- Your instructions: Line by line, print the records exactly.

· · · · ·

lemma base_orbit:
  "(T ^^ (m * k)) (b + c) = b + frac (real (Suc k) * c) \<and> iter_ok D T (b + c) (m * k)"
proof (induction k)
  case 0
  show ?case using c_pos c_less_1 by (simp add: frac_eq iter_ok_def)
next
  case (Suc k)
  define x where "x = frac (real (Suc k) * c)"
  have x: "0 < x" "x < 1" "x + c \<noteq> 1"
    using frac_Suc_mult_irrational[OF irrational c_pos c_less_1, of k] frac_lt_1 by (auto simp: x_def)
  have "(T ^^ (m * Suc k)) (b + c) = (T ^^ m) (b + x)"
    using Suc.IH by (simp add: funpow_add x_def)
  also have "\<dots> = b + frac (real (Suc (Suc k)) * c)"
    using first_return[OF x] frac_Suc_mult_irrational[OF irrational c_pos c_less_1, of k]
    by (simp add: x_def)
  moreover have "iter_ok D T (b + c) (m * k + m)"
    using Suc.IH iter_ok_from_base[OF x, of m] by (simp add: iter_ok_add x_def)
  ultimately show ?case
    by (simp add: add.commute)
qed

lemma floor_orbit:
  assumes "j < m"
  shows "(T ^^ (m * k + j)) (b + c) = cc j + ss j * frac (real (Suc k) * c)
    \<and> iter_ok D T (b + c) (m * k + j)"
proof -
  define x where "x = frac (real (Suc k) * c)"
  have x: "0 < x" "x < 1" "x + c \<noteq> 1"
    using frac_Suc_mult_irrational[OF irrational c_pos c_less_1, of k] frac_lt_1 by (auto simp: x_def)
  have "(T ^^ (m * k + j)) (b + c) = (T ^^ j) (b + x)"
    using base_orbit[of k] by (simp add: funpow_add add.commute x_def)
  then show ?thesis
    using base_orbit[of k] floor_iterate[OF x assms] iter_ok_from_base[OF x, of j] assms
    by (simp add: iter_ok_add x_def)
qed

lemma floor_in_closure_orbit:
  assumes j: "j < m" and y: "0 \<le> y" "y \<le> 1"
  shows "cc j + ss j * y \<in> closure {(T ^^ k) (b + c) | k. iter_ok D T (b + c) k}"
  unfolding closure_approachable
proof (intro allI impI)
  fix e :: real
  assume "e > 0"
  then obtain k where k: "0 < k" "\<bar>frac (real k * c) - y\<bar> < e"
    using Kronecker_approx_1_explicit[OF irrational y] by blast
  then obtain i where i: "k = Suc i"
    using gr0_implies_Suc by blast
  have "dist (cc j + ss j * frac (real k * c)) (cc j + ss j * y) =
      \<bar>ss j\<bar> * \<bar>frac (real k * c) - y\<bar>"
    by (simp add: dist_real_def abs_mult[symmetric] algebra_simps)
  also have "\<dots> < e"
    using floor_slope[OF j] k by simp
  finally show "\<exists>z\<in>{(T ^^ k) (b + c) | k. iter_ok D T (b + c) k}. dist z (cc j + ss j * y) < e"
    using floor_orbit[OF j, of i] i by (metis (mono_tags, lifting) mem_Collect_eq)
qed

lemma iet_transitiveI:
  assumes "D = iet_dom n a" and "0 \<le> b + c" "b + c \<le> real L" and "0 < L"
    and "\<forall>k<L. \<exists>j<m. min (cc j) (cc j + ss j) = real k"
  shows "iet_transitive n (real L) a T"
  unfolding iet_transitive_def
proof (intro bexI subsetI)
  show "b + c \<in> {0..real L}" using assms by simp
  fix z
  assume "z \<in> {0..real L}"
  then obtain j y where "j < m" "0 \<le> y" "y \<le> 1" "z = cc j + ss j * y"
    using unit_floors_cover[OF floor_slope assms(5)] assms(4) by auto
  then have "z \<in> closure {(T ^^ k) (b + c) | k. iter_ok D T (b + c) k}"
    using floor_in_closure_orbit by blast
  moreover have "{(T ^^ k) (b + c) | k. iter_ok D T (b + c) k} \<subseteq> iet_orbit n a T (b + c)"
    unfolding iet_orbit_def assms(1) by blast
  ultimately show "z \<in> closure (iet_orbit n a T (b + c))"
    using closure_mono by blast
qed

end

lemma tendsto_at_left_affine:
  fixes T :: "real \<Rightarrow> real"
  assumes "d < p" "\<And>x. d < x \<Longrightarrow> x < p \<Longrightarrow> T x = u + s * x"
  shows "(T \<longlongrightarrow> u + s * p) (at_left p)"
proof -
  have "eventually (\<lambda>x. u + s * x = T x) (at_left p)"
    using eventually_at_left_real[OF assms(1)] by eventually_elim (use assms in auto)
  then show ?thesis
    by (rule Lim_transform_eventually[rotated]) (auto intro!: tendsto_eq_intros)
qed

lemma tendsto_at_right_affine:
  fixes T :: "real \<Rightarrow> real"
  assumes "p < e" "\<And>x. p < x \<Longrightarrow> x < e \<Longrightarrow> T x = u + s * x"
  shows "(T \<longlongrightarrow> u + s * p) (at_right p)"
proof -
  have "eventually (\<lambda>x. u + s * x = T x) (at_right p)"
    using eventually_at_right_real[OF assms(1)] by eventually_elim (use assms in auto)
  then show ?thesis
    by (rule Lim_transform_eventually[rotated]) (auto intro!: tendsto_eq_intros)
qed

lemma card_filter_atLeastAtMost_eq_sum:
  "card {j\<in>{m..n::nat}. P j} = (\<Sum>j=m..n. if P j then 1 else 0)"
  unfolding sum.inter_filter[OF finite_atLeastAtMost, symmetric] by simp

definition image_lo ::
    "(nat \<Rightarrow> real) \<Rightarrow> (nat \<Rightarrow> real) \<Rightarrow> (nat \<Rightarrow> real) \<Rightarrow> nat \<Rightarrow> real" where
  "image_lo a u s i = min (u i + s i * a (i - 1)) (u i + s i * a i)"

definition image_hi ::
    "(nat \<Rightarrow> real) \<Rightarrow> (nat \<Rightarrow> real) \<Rightarrow> (nat \<Rightarrow> real) \<Rightarrow> nat \<Rightarrow> real" where
  "image_hi a u s i = max (u i + s i * a (i - 1)) (u i + s i * a i)"

locale affine_iet =
  fixes n :: nat and l :: real and a u s :: "nat \<Rightarrow> real" and T :: "real \<Rightarrow> real"
  assumes n_pos: "1 \<le> n" and a_0: "a 0 = 0" and a_n: "a n = l"
    and a_increasing: "\<And>i. i < n \<Longrightarrow> a i < a (i + 1)"
    and affine: "\<And>i x. i \<in> {1..n} \<Longrightarrow> x \<in> dom_int a i \<Longrightarrow> T x = u i + s i * x"
    and slope: "\<And>i. i \<in> {1..n} \<Longrightarrow> s i = 1 \<or> s i = -1"
    and images_disjoint: "\<And>i j. i \<in> {1..n} \<Longrightarrow> j \<in> {1..n} \<Longrightarrow> i < j \<Longrightarrow>
      image_hi a u s i \<le> image_lo a u s j \<or> image_hi a u s j \<le> image_lo a u s i"
    and images_range: "\<And>i. i \<in> {1..n} \<Longrightarrow> 0 \<le> image_lo a u s i \<and> image_hi a u s i \<le> l"
    and genuine_jumps:
      "\<And>i. i \<in> {1..n - 1} \<Longrightarrow> u i + s i * a i \<noteq> u (i + 1) + s (i + 1) * a i"
begin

· · · · ·

- Task result:
lemma base_orbit:
  "(T ^^ (m * k)) (b + c) = b + frac (real (Suc k) * c) \<and> iter_ok D T (b + c) (m * k)"
proof (induction k)
  case 0
  show ?case using c_pos c_less_1 by (simp add: frac_eq iter_ok_def)
next
  case (Suc k)
  define x where "x = frac (real (Suc k) * c)"
  have x: "0 < x" "x < 1" "x + c \<noteq> 1"
    using frac_Suc_mult_irrational[OF irrational c_pos c_less_1, of k] frac_lt_1 by (auto simp: x_def)
  have "(T ^^ (m * Suc k)) (b + c) = (T ^^ m) (b + x)"
    using Suc.IH by (simp add: funpow_add x_def)
  also have "\<dots> = b + frac (real (Suc (Suc k)) * c)"
    using first_return[OF x] frac_Suc_mult_irrational[OF irrational c_pos c_less_1, of k]
    by (simp add: x_def)
  moreover have "iter_ok D T (b + c) (m * k + m)"
    using Suc.IH iter_ok_from_base[OF x, of m] by (simp add: iter_ok_add x_def)
  ultimately show ?case
    by (simp add: add.commute)
qed

lemma floor_orbit:
  assumes "j < m"
  shows "(T ^^ (m * k + j)) (b + c) = cc j + ss j * frac (real (Suc k) * c)
    \<and> iter_ok D T (b + c) (m * k + j)"
proof -
  define x where "x = frac (real (Suc k) * c)"
  have x: "0 < x" "x < 1" "x + c \<noteq> 1"
    using frac_Suc_mult_irrational[OF irrational c_pos c_less_1, of k] frac_lt_1 by (auto simp: x_def)
  have "(T ^^ (m * k + j)) (b + c) = (T ^^ j) (b + x)"
    using base_orbit[of k] by (simp add: funpow_add add.commute x_def)
  then show ?thesis
    using base_orbit[of k] floor_iterate[OF x assms] iter_ok_from_base[OF x, of j] assms
    by (simp add: iter_ok_add x_def)
qed

lemma floor_in_closure_orbit:
  assumes j: "j < m" and y: "0 \<le> y" "y \<le> 1"
  shows "cc j + ss j * y \<in> closure {(T ^^ k) (b + c) | k. iter_ok D T (b + c) k}"
  unfolding closure_approachable
proof (intro allI impI)
  fix e :: real
  assume "e > 0"
  then obtain k where k: "0 < k" "\<bar>frac (real k * c) - y\<bar> < e"
    using Kronecker_approx_1_explicit[OF irrational y] by blast
  then obtain i where i: "k = Suc i"
    using gr0_implies_Suc by blast
  have "dist (cc j + ss j * frac (real k * c)) (cc j + ss j * y) =
      \<bar>ss j\<bar> * \<bar>frac (real k * c) - y\<bar>"
    by (simp add: dist_real_def abs_mult[symmetric] algebra_simps)
  also have "\<dots> < e"
    using floor_slope[OF j] k by simp
  finally show "\<exists>z\<in>{(T ^^ k) (b + c) | k. iter_ok D T (b + c) k}. dist z (cc j + ss j * y) < e"
    using floor_orbit[OF j, of i] i by (metis (mono_tags, lifting) mem_Collect_eq)
qed

lemma iet_transitiveI:
  assumes "D = iet_dom n a" and "0 \<le> b + c" "b + c \<le> real L" and "0 < L"
    and "\<forall>k<L. \<exists>j<m. min (cc j) (cc j + ss j) = real k"
  shows "iet_transitive n (real L) a T"
  unfolding iet_transitive_def
proof (intro bexI subsetI)
  show "b + c \<in> {0..real L}" using assms by simp
  fix z
  assume "z \<in> {0..real L}"
  then obtain j y where "j < m" "0 \<le> y" "y \<le> 1" "z = cc j + ss j * y"
    using unit_floors_cover[OF floor_slope assms(5)] assms(4) by auto
  then have "z \<in> closure {(T ^^ k) (b + c) | k. iter_ok D T (b + c) k}"
    using floor_in_closure_orbit by blast
  moreover have "{(T ^^ k) (b + c) | k. iter_ok D T (b + c) k} \<subseteq> iet_orbit n a T (b + c)"
    unfolding iet_orbit_def assms(1) by blast
  ultimately show "z \<in> closure (iet_orbit n a T (b + c))"
    using closure_mono by blast
qed

end

lemma tendsto_at_left_affine:
  fixes T :: "real \<Rightarrow> real"
  assumes "d < p" "\<And>x. d < x \<Longrightarrow> x < p \<Longrightarrow> T x = u + s * x"
  shows "(T \<longlongrightarrow> u + s * p) (at_left p)"
proof -
  have "eventually (\<lambda>x. u + s * x = T x) (at_left p)"
    using eventually_at_left_real[OF assms(1)] by eventually_elim (use assms in auto)
  then show ?thesis
    by (rule Lim_transform_eventually[rotated]) (auto intro!: tendsto_eq_intros)
qed

lemma tendsto_at_right_affine:
  fixes T :: "real \<Rightarrow> real"
  assumes "p < e" "\<And>x. p < x \<Longrightarrow> x < e \<Longrightarrow> T x = u + s * x"
  shows "(T \<longlongrightarrow> u + s * p) (at_right p)"
proof -
  have "eventually (\<lambda>x. u + s * x = T x) (at_right p)"
    using eventually_at_right_real[OF assms(1)] by eventually_elim (use assms in auto)
  then show ?thesis
    by (rule Lim_transform_eventually[rotated]) (auto intro!: tendsto_eq_intros)
qed

lemma card_filter_atLeastAtMost_eq_sum:
  "card {j\<in>{m..n::nat}. P j} = (\<Sum>j=m..n. if P j then 1 else 0)"
  unfolding sum.inter_filter[OF finite_atLeastAtMost, symmetric] by simp

definition image_lo ::
    "(nat \<Rightarrow> real) \<Rightarrow> (nat \<Rightarrow> real) \<Rightarrow> (nat \<Rightarrow> real) \<Rightarrow> nat \<Rightarrow> real" where
  "image_lo a u s i = min (u i + s i * a (i - 1)) (u i + s i * a i)"

definition image_hi ::
    "(nat \<Rightarrow> real) \<Rightarrow> (nat \<Rightarrow> real) \<Rightarrow> (nat \<Rightarrow> real) \<Rightarrow> nat \<Rightarrow> real" where
  "image_hi a u s i = max (u i + s i * a (i - 1)) (u i + s i * a i)"

locale affine_iet =
  fixes n :: nat and l :: real and a u s :: "nat \<Rightarrow> real" and T :: "real \<Rightarrow> real"
  assumes n_pos: "1 \<le> n" and a_0: "a 0 = 0" and a_n: "a n = l"
    and a_increasing: "\<And>i. i < n \<Longrightarrow> a i < a (i + 1)"
    and affine: "\<And>i x. i \<in> {1..n} \<Longrightarrow> x \<in> dom_int a i \<Longrightarrow> T x = u i + s i * x"
    and slope: "\<And>i. i \<in> {1..n} \<Longrightarrow> s i = 1 \<or> s i = -1"
    and images_disjoint: "\<And>i j. i \<in> {1..n} \<Longrightarrow> j \<in> {1..n} \<Longrightarrow> i < j \<Longrightarrow>
      image_hi a u s i \<le> image_lo a u s j \<or> image_hi a u s j \<le> image_lo a u s i"
    and images_range: "\<And>i. i \<in> {1..n} \<Longrightarrow> 0 \<le> image_lo a u s i \<and> image_hi a u s i \<le> l"
    and genuine_jumps:
      "\<And>i. i \<in> {1..n - 1} \<Longrightarrow> u i + s i * a i \<noteq> u (i + 1) + s (i + 1) * a i"
begin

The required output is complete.